Collected data entries
(* For every $n$-qubit pure state $\ket\psi$, the support of $p_\psi$ is contained in $\mathrm{Weyl}(\ket\psi)^\perp$.
   Context: For $x=(a,b)\in\mathbb F_2^{2n}$, $W_x = i^{a\cdot b}X^{a_1}Z^{b_1}\otimes\cdots\otimes X^{a_n}Z^{b_n}$ ($a\cdot b$ over the integers); $p_\psi(x)=2^{-n}\braket{\psi|W_x|\psi}^2$; $\mathrm{Weyl}(\ket\psi)=\{x:W_x\ket\psi=\pm\ket\psi\}$ (a subspace). The symplectic product is $[x,y]=\sum_{j=1}^n(x_jy_{n+j}+x_{n+j}y_j)\bmod 2$, and $T^\perp=\{a:[x,a]=0\ \forall x\in T\}$. *)

theory Defs
  imports Complex_Main
begin

text \<open>An n-qubit state is a function psi :: nat => complex whose relevant
 entries are psi k for computational basis indices k < 2^n; qubit j (0 <= j < n) corresponds
 to bit j of k. A point x of F_2^{2n} is a function nat => bool vanishing at indices >= 2n;
 x = (a,b) with a_j = x j and b_j = x (n+j) for j < n (True means 1).\<close>

definition F2vecs :: "nat \<Rightarrow> (nat \<Rightarrow> bool) set" where
  "F2vecs n = {x. \<forall>j\<ge>2*n. \<not> x j}"

definition adotb :: "nat \<Rightarrow> (nat \<Rightarrow> bool) \<Rightarrow> nat" where
  "adotb n x = card {j. j < n \<and> x j \<and> x (n+j)}"

text \<open>Matrix entry (r,c) of W_x = i^{a.b} X^{a_1}Z^{b_1} (x) ... (x) X^{a_n}Z^{b_n}:
  X^a Z^b |c> = (-1)^{b.c} |c xor a>.\<close>
definition Weyl_op :: "nat \<Rightarrow> (nat \<Rightarrow> bool) \<Rightarrow> nat \<Rightarrow> nat \<Rightarrow> complex" where
  "Weyl_op n x r c =
     (if (\<forall>j<n. bit r j = (bit c j \<noteq> x j))
      then \<i> ^ adotb n x * (-1) ^ card {j. j < n \<and> x (n+j) \<and> bit c j}
      else 0)"

definition Weyl_apply :: "nat \<Rightarrow> (nat \<Rightarrow> bool) \<Rightarrow> (nat \<Rightarrow> complex) \<Rightarrow> nat \<Rightarrow> complex" where
  "Weyl_apply n x psi r = (\<Sum>c<2^n. Weyl_op n x r c * psi c)"

definition pure_state :: "nat \<Rightarrow> (nat \<Rightarrow> complex) \<Rightarrow> bool" where
  "pure_state n psi \<longleftrightarrow> (\<Sum>k<2^n. (cmod (psi k))^2) = 1"

definition expval :: "nat \<Rightarrow> (nat \<Rightarrow> complex) \<Rightarrow> (nat \<Rightarrow> bool) \<Rightarrow> complex" where
  "expval n psi x = (\<Sum>r<2^n. cnj (psi r) * Weyl_apply n x psi r)"

definition p_psi :: "nat \<Rightarrow> (nat \<Rightarrow> complex) \<Rightarrow> (nat \<Rightarrow> bool) \<Rightarrow> complex" where
  "p_psi n psi x = (expval n psi x)^2 / 2^n"

definition support_p :: "nat \<Rightarrow> (nat \<Rightarrow> complex) \<Rightarrow> (nat \<Rightarrow> bool) set" where
  "support_p n psi = {x \<in> F2vecs n. p_psi n psi x \<noteq> 0}"

definition Weyl_set :: "nat \<Rightarrow> (nat \<Rightarrow> complex) \<Rightarrow> (nat \<Rightarrow> bool) set" where
  "Weyl_set n psi = {x \<in> F2vecs n.
      (\<forall>r<2^n. Weyl_apply n x psi r = psi r) \<or> (\<forall>r<2^n. Weyl_apply n x psi r = - psi r)}"

definition sympl :: "nat \<Rightarrow> (nat \<Rightarrow> bool) \<Rightarrow> (nat \<Rightarrow> bool) \<Rightarrow> bool" where
  "sympl n x y = odd (card {j. j < n \<and> x j \<and> y (n+j)} + card {j. j < n \<and> x (n+j) \<and> y j})"

definition symp_perp :: "nat \<Rightarrow> (nat \<Rightarrow> bool) set \<Rightarrow> (nat \<Rightarrow> bool) set" where
  "symp_perp n T = {a \<in> F2vecs n. \<forall>x\<in>T. \<not> sympl n x a}"

end

theory Submission
  imports Defs
begin

text \<open>If \<open>W\<^sub>y \<psi> = \<plusminus>\<psi>\<close> and \<open>[x,y] = 1\<close>, then \<open>W\<^sub>y\<close> is unitary and anticommutes with \<open>W\<^sub>x\<close>, so
  \<open>\<langle>\<psi>|W\<^sub>x|\<psi>\<rangle> = \<langle>W\<^sub>y\<psi>|W\<^sub>y W\<^sub>x|\<psi>\<rangle> = -\<langle>W\<^sub>y\<psi>|W\<^sub>x W\<^sub>y|\<psi>\<rangle> = -\<langle>\<psi>|W\<^sub>x|\<psi>\<rangle>\<close>,
  hence \<open>p\<^sub>\<psi>(x) = 0\<close>. Both facts are read off the matrix of \<open>W\<^sub>x\<close>, a signed permutation:
  it sends \<open>|c\<rangle>\<close> to \<open>i\<^bsup>a\<cdot>b\<^esup> (-1)\<^bsup>b\<cdot>c\<^esup> |c \<oplus> a\<rangle>\<close>.\<close>

definition nat_of_bits :: "nat \<Rightarrow> (nat \<Rightarrow> bool) \<Rightarrow> nat" where
  "nat_of_bits n x = horner_sum of_bool 2 (map x [0..<n])"

lemma bit_nat_of_bits: "bit (nat_of_bits n x) j \<longleftrightarrow> j < n \<and> x j"
  by (auto simp: nat_of_bits_def bit_horner_sum_bit_iff)

lemma nat_of_bits_less: "nat_of_bits n x < 2 ^ n"
  using horner_sum_of_bool_2_less [of "map x [0..<n]"] by (simp add: nat_of_bits_def)

lemma not_bit_if_less_power2: "(c::nat) < 2 ^ n \<Longrightarrow> n \<le> j \<Longrightarrow> \<not> bit c j"
  by (metis bit_take_bit_iff leD take_bit_nat_eq_self)

lemma xor_less_power2: "(r::nat) < 2 ^ n \<Longrightarrow> c < 2 ^ n \<Longrightarrow> xor r c < 2 ^ n"
  by (metis take_bit_nat_eq_self_iff take_bit_xor)

lemma sum_xor_reindex:
  assumes "(k::nat) < 2 ^ n"
  shows "(\<Sum>r<2 ^ n. f (xor r k)) = (\<Sum>r<2 ^ n. f r)"
  by (rule sum.reindex_bij_witness [where i = "\<lambda>r. xor r k" and j = "\<lambda>r. xor r k"])
     (auto simp: xor.assoc xor_less_power2 assms)

definition Z_sign :: "nat \<Rightarrow> (nat \<Rightarrow> bool) \<Rightarrow> nat \<Rightarrow> complex" where
  "Z_sign n x c = (-1) ^ card {j. j < n \<and> x (n + j) \<and> bit c j}"

lemma Z_sign_eq_prod: "Z_sign n x c = (\<Prod>j<n. if x (n + j) \<and> bit c j then -1 else 1)"
proof -
  have "{..<n} \<inter> {j. x (n + j) \<and> bit c j} = {j. j < n \<and> x (n + j) \<and> bit c j}" by auto
  then show ?thesis by (simp add: Z_sign_def prod.If_cases)
qed

lemma Z_sign_xor: "Z_sign n x (xor c k) = Z_sign n x c * Z_sign n x k"
  unfolding Z_sign_eq_prod prod.distrib [symmetric]
  by (rule prod.cong) (auto simp: bit_xor_iff)

lemma Z_sign_square: "Z_sign n x c * Z_sign n x c = 1"
  by (simp add: Z_sign_def flip: power_add)

lemma norm_Z_sign: "cmod (Z_sign n x c) = 1"
  by (simp add: Z_sign_def norm_power)

lemma Z_sign_nat_of_bits: "Z_sign n x (nat_of_bits n y) = (-1) ^ card {j. j < n \<and> x (n + j) \<and> y j}"
proof -
  have "{j. j < n \<and> x (n + j) \<and> bit (nat_of_bits n y) j} = {j. j < n \<and> x (n + j) \<and> y j}"
    by (auto simp: bit_nat_of_bits)
  then show ?thesis by (simp add: Z_sign_def)
qed

lemma Z_sign_symplectic:
  "Z_sign n x (nat_of_bits n y) * Z_sign n y (nat_of_bits n x) = (if sympl n x y then -1 else 1)"
proof -
  have "{j. j < n \<and> y (n + j) \<and> x j} = {j. j < n \<and> x j \<and> y (n + j)}" by auto
  then show ?thesis
    by (simp add: Z_sign_nat_of_bits sympl_def add.commute flip: power_add)
qed

lemma xor_eq_iff_bits:
  assumes "r < 2 ^ n" and "c < 2 ^ n"
  shows "(\<forall>j<n. bit r j = (bit c j \<noteq> x j)) \<longleftrightarrow> c = xor r (nat_of_bits n x)"
proof
  assume bits: "\<forall>j<n. bit r j = (bit c j \<noteq> x j)"
  show "c = xor r (nat_of_bits n x)"
  proof (rule bit_eqI)
    fix j
    show "bit c j \<longleftrightarrow> bit (xor r (nat_of_bits n x)) j"
    proof (cases "j < n")
      case True
      with bits show ?thesis by (auto simp: bit_xor_iff bit_nat_of_bits)
    next
      case False
      then have "n \<le> j" by simp
      then show ?thesis
        using not_bit_if_less_power2 [OF assms(2)]
          not_bit_if_less_power2 [OF xor_less_power2 [OF assms(1) nat_of_bits_less]]
        by simp
    qed
  qed
qed (auto simp: bit_xor_iff bit_nat_of_bits)

lemma Weyl_op_eq:
  assumes "r < 2 ^ n" and "c < 2 ^ n"
  shows "Weyl_op n x r c =
    (if c = xor r (nat_of_bits n x) then \<i> ^ adotb n x * Z_sign n x c else 0)"
  unfolding Weyl_op_def xor_eq_iff_bits [OF assms] Z_sign_def by simp

lemma Weyl_apply_eq:
  assumes "r < 2 ^ n"
  shows "Weyl_apply n x \<phi> r =
    \<i> ^ adotb n x * Z_sign n x (xor r (nat_of_bits n x)) * \<phi> (xor r (nat_of_bits n x))"
    (is "_ = ?f (xor r (nat_of_bits n x))")
proof -
  have "Weyl_apply n x \<phi> r = (\<Sum>c<2 ^ n. if c = xor r (nat_of_bits n x) then ?f c else 0)"
    unfolding Weyl_apply_def by (rule sum.cong) (simp_all add: Weyl_op_eq assms)
  then show ?thesis
    using xor_less_power2 [OF assms nat_of_bits_less] by simp
qed

lemma Weyl_apply_cong: "\<forall>c<2 ^ n. \<phi> c = \<chi> c \<Longrightarrow> Weyl_apply n x \<phi> = Weyl_apply n x \<chi>"
  by (auto simp: Weyl_apply_def intro!: sum.cong)

lemma Weyl_apply_scale: "Weyl_apply n x (\<lambda>c. s * \<phi> c) r = s * Weyl_apply n x \<phi> r"
  by (simp add: Weyl_apply_def sum_distrib_left mult_ac)

lemma Weyl_apply_commute:
  assumes "r < 2 ^ n"
  shows "Weyl_apply n x (Weyl_apply n y \<phi>) r =
    (if sympl n x y then -1 else 1) * Weyl_apply n y (Weyl_apply n x \<phi>) r"
proof -
  let ?a = "nat_of_bits n x" and ?b = "nat_of_bits n y"
  let ?K = "\<i> ^ adotb n x * \<i> ^ adotb n y * Z_sign n x r * Z_sign n x ?a *
    Z_sign n y r * Z_sign n y ?b * \<phi> (xor r (xor ?a ?b))"
  have ra: "xor r ?a < 2 ^ n" and rb: "xor r ?b < 2 ^ n"
    using assms by (simp_all add: xor_less_power2 nat_of_bits_less)
  have "Weyl_apply n x (Weyl_apply n y \<phi>) r = Z_sign n y ?a * ?K"
    using assms ra by (simp add: Weyl_apply_eq Z_sign_xor xor.assoc mult_ac)
  moreover have "Weyl_apply n y (Weyl_apply n x \<phi>) r = Z_sign n x ?b * ?K"
    using assms rb by (simp add: Weyl_apply_eq Z_sign_xor xor.assoc xor.commute [of ?b] mult_ac)
  moreover have "Z_sign n y ?a * ?K = (Z_sign n x ?b * Z_sign n y ?a) * (Z_sign n x ?b * ?K)"
    using Z_sign_square [of n x ?b] by (simp add: algebra_simps)
  ultimately show ?thesis
    by (simp add: Z_sign_symplectic)
qed

definition braket :: "nat \<Rightarrow> (nat \<Rightarrow> complex) \<Rightarrow> (nat \<Rightarrow> complex) \<Rightarrow> complex" where
  "braket n \<phi> \<chi> = (\<Sum>r<2 ^ n. cnj (\<phi> r) * \<chi> r)"

lemma braket_cong:
  "\<forall>r<2 ^ n. \<phi> r = \<phi>' r \<Longrightarrow> \<forall>r<2 ^ n. \<chi> r = \<chi>' r \<Longrightarrow> braket n \<phi> \<chi> = braket n \<phi>' \<chi>'"
  by (simp add: braket_def)

lemma braket_mult_unimodular:
  assumes "\<forall>r<2 ^ n. cmod (u r) = 1"
  shows "braket n (\<lambda>r. u r * \<phi> r) (\<lambda>r. u r * \<chi> r) = braket n \<phi> \<chi>"
proof -
  have "cnj (u r) * u r = 1" if "r < 2 ^ n" for r
    using complex_norm_square [of "u r"] assms that by (simp add: mult.commute)
  then show ?thesis
    unfolding braket_def by (intro sum.cong) (simp_all add: algebra_simps)
qed

lemma braket_Weyl_apply: "braket n (Weyl_apply n x \<phi>) (Weyl_apply n x \<chi>) = braket n \<phi> \<chi>"
proof -
  let ?a = "nat_of_bits n x"
  let ?u = "\<lambda>r. \<i> ^ adotb n x * Z_sign n x (xor r ?a)"
  have "braket n (Weyl_apply n x \<phi>) (Weyl_apply n x \<chi>) =
      braket n (\<lambda>r. ?u r * \<phi> (xor r ?a)) (\<lambda>r. ?u r * \<chi> (xor r ?a))"
    by (rule braket_cong) (simp_all add: Weyl_apply_eq)
  also have "\<dots> = braket n (\<lambda>r. \<phi> (xor r ?a)) (\<lambda>r. \<chi> (xor r ?a))"
    by (rule braket_mult_unimodular) (simp add: norm_mult norm_power norm_Z_sign)
  also have "\<dots> = braket n \<phi> \<chi>"
    unfolding braket_def by (rule sum_xor_reindex [OF nat_of_bits_less])
  finally show ?thesis .
qed

lemma expval_eq_0_if_anticommuting_eigenvector:
  assumes eigen: "\<forall>r<2 ^ n. Weyl_apply n y \<psi> r = s * \<psi> r"
    and "cmod s = 1" and "sympl n y x"
  shows "expval n \<psi> x = 0"
proof -
  let ?W = "Weyl_apply n"
  have "expval n \<psi> x = braket n \<psi> (?W x \<psi>)"
    by (simp add: expval_def braket_def)
  also have "\<dots> = braket n (?W y \<psi>) (?W y (?W x \<psi>))"
    by (rule braket_Weyl_apply [symmetric])
  also have "\<dots> = - braket n (?W y \<psi>) (?W x (?W y \<psi>))"
    unfolding braket_def sum_negf [symmetric]
    using Weyl_apply_commute [of _ n y x \<psi>] \<open>sympl n y x\<close> by (intro sum.cong) simp_all
  also have "\<dots> = - braket n (\<lambda>r. s * \<psi> r) (\<lambda>r. s * ?W x \<psi> r)"
    using eigen by (intro arg_cong [where f = uminus] braket_cong)
      (simp_all add: Weyl_apply_cong [OF eigen] Weyl_apply_scale)
  also have "\<dots> = - braket n \<psi> (?W x \<psi>)"
    using \<open>cmod s = 1\<close> by (simp add: braket_mult_unimodular)
  finally show ?thesis
    by (simp add: expval_def braket_def)
qed

theorem lemma4p3:
  fixes n :: nat and psi :: "nat \<Rightarrow> complex"
  assumes "pure_state n psi"
  shows "support_p n psi \<subseteq> symp_perp n (Weyl_set n psi)"
proof
  fix x assume "x \<in> support_p n psi"
  then have x: "x \<in> F2vecs n" and nonzero: "expval n psi x \<noteq> 0"
    by (auto simp: support_p_def p_psi_def)
  have "\<not> sympl n y x" if "y \<in> Weyl_set n psi" for y
  proof
    assume "sympl n y x"
    from that consider "\<forall>r<2 ^ n. Weyl_apply n y psi r = 1 * psi r"
      | "\<forall>r<2 ^ n. Weyl_apply n y psi r = (-1) * psi r"
      by (auto simp: Weyl_set_def)
    then have "expval n psi x = 0"
      using expval_eq_0_if_anticommuting_eigenvector [OF _ _ \<open>sympl n y x\<close>]
      by cases (simp_all only: norm_one norm_minus_cancel)
    with nonzero show False ..
  qed
  with x show "x \<in> symp_perp n (Weyl_set n psi)"
    by (simp add: symp_perp_def)
qed

end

Work required: Go through the records above and copy every line with the word "assumes".

Problem solution:
  assumes "(k::nat) < 2 ^ n"
  assumes "r < 2 ^ n" and "c < 2 ^ n"
  assumes "r < 2 ^ n" and "c < 2 ^ n"
  assumes "r < 2 ^ n"
  assumes "r < 2 ^ n"
  assumes "\<forall>r<2 ^ n. cmod (u r) = 1"
  assumes eigen: "\<forall>r<2 ^ n. Weyl_apply n y \<psi> r = s * \<psi> r"
  assumes "pure_state n psi"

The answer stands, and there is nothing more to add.